[Collected data entries]

(* Let $n\ge 1$ and let $d$ be a positive integer with $d\le n$. The number of closed walks of length $d$ in the graph $G(n,312)$ is $\binom{2d}{d}$.
   Context: For a sequence $x=x_1\cdots x_m$ of distinct real numbers, its standardization $\Pi(x)$ is the unique permutation $\pi\in\mathfrak S_m$ with $\pi_i<\pi_j \iff x_i<x_j$ for all $i,j$. A permutation $\pi\in\mathfrak S_m$ avoids $312$ if there are no indices $i<j<k$ with $\pi_j<\pi_k<\pi_i$; $\mathfrak S_m(312)$ denotes the set of such permutations. The graph $G(n,312)$ is the directed multigraph with vertex set $\mathfrak S_n(312)$ having, for each $\sigma=\sigma_1\cdots\sigma_{n+1}\in\mathfrak S_{n+1}(312)$, one directed edge labelled $\sigma$ from $\Pi(\sigma_1\cdots\sigma_n)$ (its tail) to $\Pi(\sigma_2\cdots\sigma_{n+1})$ (its head). A closed walk of length $d$ is a list of $d$ edges $(e_1,\dots,e_d)$ with $\mathrm{head}(e_i)=\mathrm{tail}(e_{i+1})$ for $1\le i\le d-1$ and $\mathrm{head}(e_d)=\mathrm{tail}(e_1)$; different cyclic shifts of a closed walk count as different closed walks. *)

theory Defs
  imports Main
begin

definition perms :: "nat \<Rightarrow> nat list set" where
  "perms m = {p. length p = m \<and> distinct p \<and> set p = {1..m}}"

definition standardize :: "nat list \<Rightarrow> nat list" where
  "standardize xs = map (\<lambda>x. card {y \<in> set xs. y \<le> x}) xs"
(* Let $B, M \in \mathbb{Z}$ with $M(B^2-4M)\neq 0$. Then every equivalence class (for the relation $\sim$ below) of locally soluble forms in $W^B_M(\mathbb{Q})$ contains exactly one element of $\mathcal{F}^B_M$. In particular, every locally soluble $f=ax^4+Bx^2y^2+cy^4\in W^B_M(\mathbb{Q})$ with $a\in\mathbb{Z}$ and $0\le \operatorname{ord}_p a\le 1$ for all primes $p$ has $c\in\mathbb{Z}$.
   Context: For integers $B,M$, let $W^B_M(\mathbb{Q})$ (resp. $W^B_M(\mathbb{Z})$) be the set of binary quartic forms $f(x,y)=ax^4+Bx^2y^2+cy^4$ with $a,c\in\mathbb{Q}$ (resp. $a,c\in\mathbb{Z}$) and $ac=M$. A form $f$ is called locally soluble if for every place $v$ of $\mathbb{Q}$ (including $v=\infty$, $\mathbb{Q}_\infty=\mathbb{R}$) there exist $x,y,z\in\mathbb{Q}_v$ with $(x,y)\neq(0,0)$ and $z^2=f(x,y)$. Two forms $ax^4+Bx^2y^2+cy^4$ and $a'x^4+Bx^2y^2+c'y^4$ in $W^B_M(\mathbb{Q})$ are equivalent ($\sim$) if $a'=s^2a$ and $c'=s^{-2}c$ for some $s\in\mathbb{Q}^*$. Define $\mathcal{F}^B_M=\{ax^4+Bx^2y^2+cy^4\in W^B_M(\mathbb{Z}) : 0\le \operatorname{ord}_p a\le 1 \text{ for all primes } p\}$. *)

theory Defs
  imports Complex_Main "HOL-Computational_Algebra.Computational_Algebra"
begin

definition padic_ord :: "nat \<Rightarrow> rat \<Rightarrow> int" where
  "padic_ord p q = (let (n, d) = quotient_of q in
      int (multiplicity (int p) n) - int (multiplicity (int p) d))"

definition padic_abs :: "nat \<Rightarrow> rat \<Rightarrow> real" where
  "padic_abs p q = (if q = 0 then 0 else real p powr (- real_of_int (padic_ord p q)))"

text \<open>Q_p is the completion of Q w.r.t. the p-adic absolute value: its elements are
  classes of p-adic Cauchy sequences of rationals modulo null sequences.\<close>
definition padic_cauchy :: "nat \<Rightarrow> (nat \<Rightarrow> rat) \<Rightarrow> bool" where
  "padic_cauchy p X \<longleftrightarrow> (\<forall>e>0. \<exists>N. \<forall>m\<ge>N. \<forall>n\<ge>N. padic_abs p (X m - X n) < e)"

definition padic_null :: "nat \<Rightarrow> (nat \<Rightarrow> rat) \<Rightarrow> bool" where
  "padic_null p X \<longleftrightarrow> (\<forall>e>0. \<exists>N. \<forall>n\<ge>N. padic_abs p (X n) < e)"

definition quartic :: "'a::field \<Rightarrow> 'a \<Rightarrow> 'a \<Rightarrow> 'a \<Rightarrow> 'a \<Rightarrow> 'a" where
  "quartic a B c x y = a * x ^ 4 + B * x ^ 2 * y ^ 2 + c * y ^ 4"

definition real_soluble :: "int \<Rightarrow> rat \<Rightarrow> rat \<Rightarrow> bool" where
  "real_soluble B a c \<longleftrightarrow> (\<exists>x y z :: real. (x, y) \<noteq> (0, 0) \<and>
      z ^ 2 = quartic (of_rat a) (of_int B) (of_rat c) x y)"

definition padic_soluble :: "nat \<Rightarrow> int \<Rightarrow> rat \<Rightarrow> rat \<Rightarrow> bool" where
  "padic_soluble p B a c \<longleftrightarrow> (\<exists>X Y Z :: nat \<Rightarrow> rat.
      padic_cauchy p X \<and> padic_cauchy p Y \<and> padic_cauchy p Z \<and>
      \<not> (padic_null p X \<and> padic_null p Y) \<and>
      padic_null p (\<lambda>n. Z n ^ 2 - quartic a (of_int B) c (X n) (Y n)))"

definition locally_soluble :: "int \<Rightarrow> rat \<Rightarrow> rat \<Rightarrow> bool" where
  "locally_soluble B a c \<longleftrightarrow> real_soluble B a c \<and> (\<forall>p. prime p \<longrightarrow> padic_soluble p B a c)"

text \<open>The form a x^4 + B x^2 y^2 + c y^4 is represented by the pair (a, c).
  W^B_M(Q) = {(a,c) \<in> Q^2. a c = M}.\<close>
definition W_Q :: "int \<Rightarrow> (rat \<times> rat) set" where
  "W_Q M = {(a, c). a * c = of_int M}"

definition form_equiv :: "rat \<times> rat \<Rightarrow> rat \<times> rat \<Rightarrow> bool" where
  "form_equiv f g \<longleftrightarrow> (\<exists>s::rat. s \<noteq> 0 \<and> fst g = s ^ 2 * fst f \<and> snd g = snd f / s ^ 2)"

definition F_set :: "int \<Rightarrow> (rat \<times> rat) set" where
  "F_set M = {(of_int a, of_int c) | a c :: int. a * c = M \<and>
      (\<forall>p::nat. prime p \<longrightarrow> 0 \<le> padic_ord p (of_int a) \<and> padic_ord p (of_int a) \<le> 1)}"

end

theory Submission
  imports Defs
begin

text \<open>Rescaling by \<open>s\<close> multiplies \<open>a\<close> by the square \<open>s\<^sup>2\<close>, so every class contains a form whose
  leading coefficient \<open>a\<^sub>0\<close> is a squarefree integer, and two such coefficients differ by a square
  of valuation zero at every prime, hence coincide. The content is the integrality of
  \<open>c\<^sub>0 = M / a\<^sub>0\<close>. If a prime \<open>p\<close> divided its denominator, then \<open>ord\<^sub>p a\<^sub>0 = 1\<close> and
  \<open>ord\<^sub>p c\<^sub>0 = -1\<close>. For \<open>x, y\<close> not both zero the terms \<open>a\<^sub>0 x\<^sup>4\<close> and \<open>c\<^sub>0 y\<^sup>4\<close> then have distinct odd
  valuations and \<open>B x\<^sup>2 y\<^sup>2\<close> has valuation at least their mean, so \<open>f(x, y)\<close> has odd valuation and is
  not a square in \<open>Q\<^sub>p\<close>, contradicting local solubility at \<open>p\<close>.\<close>

lemma rat_obtain_int_fraction:
  fixes x :: rat
  obtains a b :: int where "b > 0" "x = of_int a / of_int b"
  by (cases x) (simp add: Fract_of_int_quotient)

lemma rat_obtain_common_denominator:
  fixes x y :: rat
  obtains a b d :: int where "d \<noteq> 0" "x = of_int a / of_int d" "y = of_int b / of_int d"
proof -
  obtain a1 d1 where 1: "d1 > 0" "x = of_int a1 / of_int d1" by (rule rat_obtain_int_fraction)
  obtain a2 d2 where 2: "d2 > 0" "y = of_int a2 / of_int d2" by (rule rat_obtain_int_fraction)
  show ?thesis
    by (rule that[of "d1 * d2" "a1 * d2" "a2 * d1"]) (use 1 2 in auto)
qed

lemma padic_ord_of_int: "padic_ord p (of_int a) = int (multiplicity (int p) a)"
  unfolding padic_ord_def by simp

lemma padic_ord_of_int_divide:
  assumes p: "prime p" and a: "a \<noteq> 0" and b: "b \<noteq> 0"
  shows "padic_ord p (of_int a / of_int b) =
           int (multiplicity (int p) a) - int (multiplicity (int p) b)"
proof -
  obtain n d where q: "quotient_of (of_int a / of_int b) = (n, d)"
    by (cases "quotient_of (of_int a / of_int b :: rat)")
  have eq: "(of_int a / of_int b :: rat) = of_int n / of_int d" by (rule quotient_of_div[OF q])
  have d: "d > 0" by (rule quotient_of_denom_pos[OF q])
  with eq a b have n: "n \<noteq> 0" by auto
  from eq b d have "(of_int (a * d) :: rat) = of_int (n * b)" by (simp add: field_simps)
  then have "multiplicity (int p) (a * d) = multiplicity (int p) (n * b)" by (simp only: of_int_eq_iff)
  with p a b d n have "multiplicity (int p) a + multiplicity (int p) d =
                       multiplicity (int p) n + multiplicity (int p) b"
    by (simp add: prime_elem_multiplicity_mult_distrib)
  then show ?thesis unfolding padic_ord_def q by simp
qed

lemma padic_ord_mult:
  assumes p: "prime p" and x: "x \<noteq> 0" and y: "y \<noteq> 0"
  shows "padic_ord p (x * y) = padic_ord p x + padic_ord p y"
proof -
  obtain a b where ab: "b > 0" "x = of_int a / of_int b" by (rule rat_obtain_int_fraction)
  obtain c d where cd: "d > 0" "y = of_int c / of_int d" by (rule rat_obtain_int_fraction)
  from ab cd x y have a: "a \<noteq> 0" and c: "c \<noteq> 0" by auto
  have "x * y = of_int (a * c) / of_int (b * d)" using ab cd by simp
  then have "padic_ord p (x * y) =
               int (multiplicity (int p) (a * c)) - int (multiplicity (int p) (b * d))"
    using padic_ord_of_int_divide[OF p, of "a * c" "b * d"] ab cd a c by simp
  then show ?thesis
    using ab cd a c p
    by (simp add: padic_ord_of_int_divide prime_elem_multiplicity_mult_distrib)
qed

lemma padic_ord_power:
  assumes p: "prime p" and x: "x \<noteq> 0"
  shows "padic_ord p (x ^ n) = int n * padic_ord p x"
  by (induction n) (simp_all add: padic_ord_mult[OF p] x algebra_simps
                                  padic_ord_of_int[of p 1, simplified])

lemma padic_ord_uminus:
  assumes p: "prime p"
  shows "padic_ord p (- x) = padic_ord p x"
proof (cases "x = 0")
  case False
  have "padic_ord p (- x) = padic_ord p (of_int (- 1) * x)" by simp
  also have "\<dots> = padic_ord p x"
    using padic_ord_mult[OF p _ False, of "of_int (- 1)"] padic_ord_of_int[of p "- 1"] by simp
  finally show ?thesis .
qed simp

lemma padic_ord_add_ge_min:
  assumes p: "prime p" and x: "x \<noteq> 0" and y: "y \<noteq> 0" and xy: "x + y \<noteq> 0"
  shows "padic_ord p (x + y) \<ge> min (padic_ord p x) (padic_ord p y)"
proof -
  obtain a b d where abd: "d \<noteq> 0" "x = of_int a / of_int d" "y = of_int b / of_int d"
    by (rule rat_obtain_common_denominator)
  from abd x y xy have a: "a \<noteq> 0" and b: "b \<noteq> 0" and ab: "a + b \<noteq> 0"
    by (auto simp: add_divide_distrib[symmetric])
  have "x + y = of_int (a + b) / of_int d" using abd by (simp add: add_divide_distrib)
  then have ord_sum: "padic_ord p (x + y) =
                        int (multiplicity (int p) (a + b)) - int (multiplicity (int p) d)"
    using padic_ord_of_int_divide[OF p ab abd(1)] by simp
  let ?k = "min (multiplicity (int p) a) (multiplicity (int p) b)"
  have "int p ^ ?k dvd a + b" by (intro dvd_add multiplicity_dvd') auto
  with ab p have "multiplicity (int p) (a + b) \<ge> ?k"
    by (intro multiplicity_geI) (auto dest: prime_elem_not_unit)
  then show ?thesis
    using ord_sum abd a b p by (simp add: padic_ord_of_int_divide)
qed

lemma padic_ord_add_dominant:
  assumes p: "prime p" and x: "x \<noteq> 0" and y: "y = 0 \<or> padic_ord p x < padic_ord p y"
  shows "x + y \<noteq> 0 \<and> padic_ord p (x + y) = padic_ord p x"
proof (cases "y = 0")
  case False
  with y have lt: "padic_ord p x < padic_ord p y" by simp
  have xy: "x + y \<noteq> 0"
  proof
    assume "x + y = 0"
    then have "y = - x" by (simp add: eq_neg_iff_add_eq_0)
    with lt show False by (simp add: padic_ord_uminus[OF p])
  qed
  obtain a b d where abd: "d \<noteq> 0" "x = of_int a / of_int d" "y = of_int b / of_int d"
    by (rule rat_obtain_common_denominator)
  from abd x False xy have a: "a \<noteq> 0" and b: "b \<noteq> 0" and ab: "a + b \<noteq> 0"
    by (auto simp: add_divide_distrib[symmetric])
  have "x + y = of_int (a + b) / of_int d" using abd by (simp add: add_divide_distrib)
  then have ord_sum: "padic_ord p (x + y) =
                        int (multiplicity (int p) (a + b)) - int (multiplicity (int p) d)"
    using padic_ord_of_int_divide[OF p ab abd(1)] by simp
  from lt have "multiplicity (int p) a < multiplicity (int p) b"
    using abd a b p by (simp add: padic_ord_of_int_divide)
  then have "multiplicity (int p) (a + b) = multiplicity (int p) a"
    using a b by (rule multiplicity_sum_lt)
  then show ?thesis
    using xy ord_sum abd a p by (simp add: padic_ord_of_int_divide)
qed (simp add: x)

lemma padic_ord_add3_dominant:
  assumes p: "prime p" and x: "x \<noteq> 0"
    and y: "y = 0 \<or> padic_ord p x < padic_ord p y"
    and z: "z = 0 \<or> padic_ord p x < padic_ord p z"
  shows "x + y + z \<noteq> 0 \<and> padic_ord p (x + y + z) = padic_ord p x"
proof -
  have "y + z = 0 \<or> padic_ord p x < padic_ord p (y + z)"
    using y z padic_ord_add_ge_min[OF p, of y z] by fastforce
  from padic_ord_add_dominant[OF p x this] show ?thesis by (simp add: add.assoc)
qed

> **Work instructions**:
Set down, exactly as they stand above, the lines starting with the line with "quotient_of q in" and going on through the line with "then 0 else", and no others.

> **Exercise output**:
  "padic_ord p q = (let (n, d) = quotient_of q in
      int (multiplicity (int p) n) - int (multiplicity (int p) d))"

definition padic_abs :: "nat \<Rightarrow> rat \<Rightarrow> real" where
  "padic_abs p q = (if q = 0 then 0 else real p powr (- real_of_int (padic_ord p q)))"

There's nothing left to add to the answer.